C Sanz, A Benito, M Silva, B Albella, C Richard, JC Segovia, A Insunza, JA Bueren and JL Fernandez-Luna

Servicio de Immunologia, Hospital Universitario Marques de Valdecilla, Insalud, Santander, Spain.

Expression of the apoptosis inhibitory protein Bcl-x was studied in CD34+ hematopoietic precursor cells and in the promyelocytic leukemia cell line HL-60. The enriched population of CD34+ cells (more than 95%) was cultured in the presence of stem cell factor, interleukin-3 (IL-3), IL-6, and either granulocyte colony-stimulating factor or macrophage colony-stimulating factor to achieve granulocyte or monocyte/macrophage differentiation, respectively. The expression of Bcl-x increased in the early stages of both differentiation pathways.
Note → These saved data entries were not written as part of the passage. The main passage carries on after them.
lemma differentiable_upto_compose:
  fixes f :: "'a::euclidean_space \<Rightarrow> 'b::euclidean_space" and g :: "'b \<Rightarrow> 'c::real_normed_vector"
  assumes "open S" "open T" "f ` S \<subseteq> T" "differentiable_upto k T g" "differentiable_upto k S f"
  shows "differentiable_upto k S (\<lambda>x. g (f x))"
  using assms(4,5)
proof (induction k arbitrary: g)
  case 0
  then have "f differentiable_on S" "g differentiable_on f ` S"
    using assms(3) by (auto simp: differentiable_upto_0 intro: differentiable_on_subset)
  then show ?case by (simp add: differentiable_upto_0 differentiable_on_compose)
next
  case (Suc k)
  then have df: "f differentiable_on S" and dg: "g differentiable_on T"
    by (auto simp: differentiable_upto_Suc)
  \<comment> \<open>Expanding in a basis writes the derivative of \<open>g \<circ> f\<close> through products of derivatives
    of \<open>f\<close> and of \<open>g\<close> composed with \<open>f\<close>, to which the induction hypothesis applies.\<close>
  have "((\<lambda>x. g (f x)) has_derivative
      (\<lambda>v. \<Sum>b\<in>Basis. (frechet_derivative f (at y) v \<bullet> b) *\<^sub>R frechet_derivative g (at (f y)) b)) (at y)"
    if y: "y \<in> S" for y
  proof -
    have fy: "f y \<in> T" using y assms(3) by auto
    have "((\<lambda>x. g (f x)) has_derivative
        (\<lambda>v. frechet_derivative g (at (f y)) (frechet_derivative f (at y) v))) (at y)"
      using has_frechet_derivative_on_open[OF assms(1) df y] has_frechet_derivative_on_open[OF assms(2) dg fy]
      by (rule has_derivative_compose)
    also have "(\<lambda>v. frechet_derivative g (at (f y)) (frechet_derivative f (at y) v)) =
        (\<lambda>v. \<Sum>b\<in>Basis. (frechet_derivative f (at y) v \<bullet> b) *\<^sub>R frechet_derivative g (at (f y)) b)"
      using has_frechet_derivative_on_open[OF assms(2) dg fy]
      by (intro ext linear_eq_sum_Basis has_derivative_linear)
    finally show ?thesis .
  qed
  moreover have "differentiable_upto k S
      (\<lambda>y. \<Sum>b\<in>Basis. (frechet_derivative f (at y) v \<bullet> b) *\<^sub>R frechet_derivative g (at (f y)) b)" for v
  proof (intro differentiable_upto_sum[OF assms(1) finite_Basis] differentiable_upto_scaleR[OF assms(1)])
    fix b :: 'b
    show "differentiable_upto k S (\<lambda>y. frechet_derivative f (at y) v \<bullet> b)"
      using Suc.prems(2)
      by (intro differentiable_upto_linear[OF assms(1) bounded_linear_inner_left])
        (simp add: differentiable_upto_Suc)
    show "differentiable_upto k S (\<lambda>y. frechet_derivative g (at (f y)) b)"
      using Suc.prems differentiable_upto_SucD by (intro Suc.IH) (auto simp: differentiable_upto_Suc)
  qed
  ultimately show ?case by (rule differentiable_upto_SucI[OF assms(1)])
qed

lemma smooth_on_compose:
  fixes f :: "'a::euclidean_space \<Rightarrow> 'b::euclidean_space" and g :: "'b \<Rightarrow> 'c::euclidean_space"
  assumes "smooth_on T g" "smooth_on S f" "f ` S \<subseteq> T"
  shows "smooth_on S (\<lambda>x. g (f x))"
  using assms differentiable_upto_compose unfolding smooth_on_iff_differentiable_upto by blast

lemma smooth_on_cong:
  assumes "smooth_on S f" "\<And>x. x \<in> S \<Longrightarrow> f x = g x"
  shows "smooth_on S g"
  using assms differentiable_upto_cong unfolding smooth_on_iff_differentiable_upto by blast

lemma smooth_on_subset:
  assumes "smooth_on S f" "open N" "N \<subseteq> S"
  shows "smooth_on N f"
  using assms unfolding smooth_on_iff_differentiable_upto differentiable_upto_def
  by (meson differentiable_on_subset)

lemma smooth_on_local:
  assumes "open S" "\<And>x. x \<in> S \<Longrightarrow> \<exists>N. open N \<and> x \<in> N \<and> smooth_on N h"
  shows "smooth_on S h"
  unfolding smooth_on_def
proof (intro conjI ballI)
  show "open S" by fact
  fix g assume g: "g \<in> iter_derivs h"
  show "g differentiable_on S"
    unfolding differentiable_on_eq_differentiable_at[OF assms(1)]
  proof
    fix x assume "x \<in> S"
    then obtain N where N: "open N" "x \<in> N" "smooth_on N h" using assms(2) by blast
    then have "g differentiable_on N" using g by (simp add: smooth_on_def)
    then show "g differentiable at x" using N differentiable_on_eq_differentiable_at by blast
  qed
qed

lemma smooth_on_Pair:
  fixes f :: "'a::euclidean_space \<Rightarrow> 'b::euclidean_space" and g :: "'a \<Rightarrow> 'c::euclidean_space"
  assumes "smooth_on S f" "smooth_on S g"
  shows "smooth_on S (\<lambda>x. (f x, g x))"
proof -
  have S: "open S" using assms smooth_on_def by blast
  have left: "bounded_linear (\<lambda>a::'b. (a, 0::'c))" and right: "bounded_linear (\<lambda>b::'c. (0::'b, b))"
    by (intro bounded_linear_Pair bounded_linear_ident bounded_linear_zero)+
  have "differentiable_upto k S (\<lambda>x. (f x, 0::'c) + (0::'b, g x))" for k
    using assms unfolding smooth_on_iff_differentiable_upto
    by (intro differentiable_upto_add[OF S] differentiable_upto_linear[OF S left]
        differentiable_upto_linear[OF S right]) auto
  then show ?thesis using S unfolding smooth_on_iff_differentiable_upto by simp
qed

section \<open>Smooth maps between manifolds\<close>

text \<open>Charts of the target of a smooth map are only used through the following properties, which,
  unlike \<^const>\<open>smooth_atlas\<close>, are inherited by \<^const>\<open>prod_atlas\<close>.\<close>

definition weak_atlas :: "('a::topological_space set \<times> ('a \<Rightarrow> 'e)) set \<Rightarrow> bool" where
  "weak_atlas B \<longleftrightarrow>
     (\<forall>x. \<exists>V \<gamma>. (V, \<gamma>) \<in> B \<and> x \<in> V) \<and> (\<forall>V \<gamma>. (V, \<gamma>) \<in> B \<longrightarrow> open V \<and> inj_on \<gamma> V)"

lemma smooth_map_openI:
  assumes "open W" "continuous_on W f"
    "\<And>U \<phi> V \<psi>. (U, \<phi>) \<in> A \<Longrightarrow> (V, \<psi>) \<in> B \<Longrightarrow>
       smooth_on (\<phi> ` (U \<inter> W \<inter> f -` V)) (\<psi> \<circ> f \<circ> inv_into U \<phi>)"
  shows "smooth_map_open A B W f"
  using assms unfolding smooth_map_open_def by auto

lemma smooth_map_openD:
  assumes "smooth_map_open A B W f"
  shows "open W" "continuous_on W f"
    "\<And>U \<phi> V \<psi>. (U, \<phi>) \<in> A \<Longrightarrow> (V, \<psi>) \<in> B \<Longrightarrow>
       smooth_on (\<phi> ` (U \<inter> W \<inter> f -` V)) (\<psi> \<circ> f \<circ> inv_into U \<phi>)"
  using assms unfolding smooth_map_open_def by auto

lemma open_Int_vimage_continuous_on:
  assumes "open W" "continuous_on W f" "open V" "open U"
  shows "open (U \<inter> W \<inter> f -` V)"
proof -
  have "open (f -` V \<inter> W)" using continuous_on_open_vimage[OF assms(1)] assms(2,3) by blast
  moreover have "U \<inter> W \<inter> f -` V = U \<inter> (f -` V \<inter> W)" by auto
  ultimately show ?thesis using assms(4) by (simp add: open_Int)
qed

lemma smooth_atlas_chartD:
  assumes "smooth_atlas A" "(U, \<phi>) \<in> A"
  shows "open U" "open (\<phi> ` U)" "homeomorphism U (\<phi> ` U) \<phi> (inv_into U \<phi>)"
  using assms unfolding smooth_atlas_def is_chart_def by auto
(* Assume (i)–(iii) of the standing assumption below. Say $\mu$ is decomposable if there are constants $\alpha_i$ ($i\in\mathcal I$), $\beta_k$ ($k\in\mathcal K$) with $\mu_{ik}=\alpha_i\beta_k$ for all $(i,k)\in\mathcal J$, normalized so that $\sum_k\beta_k=1$. Then: (1) If $\mu$ is decomposable, $\sum_i\lambda_i/\alpha_i=\sum_k\beta_k=1$. (2) If $\mu$ is decomposable, the unique solution of the dual problem is $y^*_i=\alpha_i^{-1}$, $i\in\mathcal I$, $z^*_k=\beta_k$, $k\in\mathcal K$. (3) If $\mu$ is decomposable and $\mathcal J=\mathcal I\times\mathcal K$, then the LP has multiple optimal solutions. (4) If $I=K=2$ and $\mathcal J=\mathcal I\times\mathcal K$, then the LP has multiple optimal solutions if and only if $\mu$ is decomposable; moreover, the number $M$ of extreme points of $\mathcal S_{\mathrm{LP}}$ is at most $2$.
   Context: Let $\mathcal I$ (classes) and $\mathcal K$ (servers) be finite sets of cardinalities $I$ and $K$, and let $\mathcal J\subset\mathcal I\times\mathcal K$ (activities) have cardinality $J$. For $i\in\mathcal I$ let $\mathcal J_i=\{(i,k)\in\mathcal J\}$ and for $k\in\mathcal K$ let $\mathcal J^k=\{(i,k)\in\mathcal J\}$. Let $\lambda\in(0,\infty)^I$ and $\mu\in(0,\infty)^{\mathcal J}$. Let $R$ be the $I\times J$ matrix with $R_{ij}=\mu_j$ if $j\in\mathcal J_i$ and $0$ otherwise, and $G$ the $K\times J$ matrix with $G_{kj}=1$ if $j\in\mathcal J^k$ and $0$ otherwise. The LP is: minimize $\rho$ over $(\xi,\rho)\in\mathbb R^J\times\mathbb R$ subject to $R\xi=\lambda$, $G\xi\le\rho 1_K$, $\xi\ge0$. The dual problem is: maximize $y\cdot\lambda$ over $(y,z)\in\mathbb R^I\times\mathbb R^K$ subject to $\sum_k z_k=1$, $yR\le zG$, $z\ge 0$. Standing assumption: (i) the optimal value of the LP is $1$; (ii) letting $\mathcal S_{\mathrm{LP}}=\{\xi:(\xi,1)\text{ is an optimal solution of the LP}\}$, every $\xi\in\mathcal S_{\mathrm{LP}}$ satisfies $(G\xi)_k=1$ for all $k$; (iii) the dual problem has a unique solution $(y^*,z^* )$. *)

theory Defs
  imports "HOL-Analysis.Analysis"
begin

text \<open>Classes are the elements of the finite type 'i, servers the elements of the finite
  type 'k; activities form a set J of pairs. A primal vector xi in R^J is represented as
  an element of real^('i \<times> 'k) that vanishes outside J.\<close>

definition Rmat :: "('i \<times> 'k) set \<Rightarrow> ('i \<times> 'k \<Rightarrow> real) \<Rightarrow> 'i \<Rightarrow> 'i \<times> 'k \<Rightarrow> real" where
  "Rmat J mu i j = (if j \<in> J \<and> fst j = i then mu j else 0)"

definition Gmat :: "('i \<times> 'k) set \<Rightarrow> 'k \<Rightarrow> 'i \<times> 'k \<Rightarrow> real" where
  "Gmat J k j = (if j \<in> J \<and> snd j = k then 1 else 0)"

definition Rxi :: "('i \<times> 'k) set \<Rightarrow> ('i \<times> 'k \<Rightarrow> real) \<Rightarrow> real ^ ('i::finite \<times> 'k::finite) \<Rightarrow> 'i \<Rightarrow> real" where
  "Rxi J mu xi i = (\<Sum>j\<in>J. Rmat J mu i j * xi $ j)"

definition Gxi :: "('i \<times> 'k) set \<Rightarrow> real ^ ('i::finite \<times> 'k::finite) \<Rightarrow> 'k \<Rightarrow> real" where
  "Gxi J xi k = (\<Sum>j\<in>J. Gmat J k j * xi $ j)"

definition lp_feasible ::
  "('i::finite \<times> 'k::finite) set \<Rightarrow> ('i \<Rightarrow> real) \<Rightarrow> ('i \<times> 'k \<Rightarrow> real) \<Rightarrow> real ^ ('i \<times> 'k) \<Rightarrow> real \<Rightarrow> bool" where
  "lp_feasible J lam mu xi rho \<longleftrightarrow>
     (\<forall>j. j \<notin> J \<longrightarrow> xi $ j = 0) \<and>
     (\<forall>i. Rxi J mu xi i = lam i) \<and>
     (\<forall>k. Gxi J xi k \<le> rho) \<and>
     (\<forall>j\<in>J. 0 \<le> xi $ j)"

definition lp_optimal ::
  "('i::finite \<times> 'k::finite) set \<Rightarrow> ('i \<Rightarrow> real) \<Rightarrow> ('i \<times> 'k \<Rightarrow> real) \<Rightarrow> real ^ ('i \<times> 'k) \<Rightarrow> real \<Rightarrow> bool" where
  "lp_optimal J lam mu xi rho \<longleftrightarrow> lp_feasible J lam mu xi rho \<and>
     (\<forall>xi' rho'. lp_feasible J lam mu xi' rho' \<longrightarrow> rho \<le> rho')"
However, by day 21 of culture mature granulocytes were Bcl-x-negative, whereas monocytes/macrophages either maintained or increased the expression of Bcl-x. The pattern of Bcl-x expression in the differentiated CD34+ cells was similar to that observed in HL-60 cells differentiated along the granulocyte lineage (induced by incubation with retinoic acid), or along the monocyte/macrophage lineage (induced by incubation with phorbol diester). The bcl-x transcript predominant in HL-60 and CD34+ cells differentiated into monocytes/macrophages was bcl-xL. Although little is yet known regarding the functional significance of Bcl-x within the granulomonocytic compartment, marked changes in the pattern of its expression, as observed during granulomonocytic differentiation of HL-60 and CD34+ cells, are likely to alter the life span of mature granulocytes and monocytes/macrophages.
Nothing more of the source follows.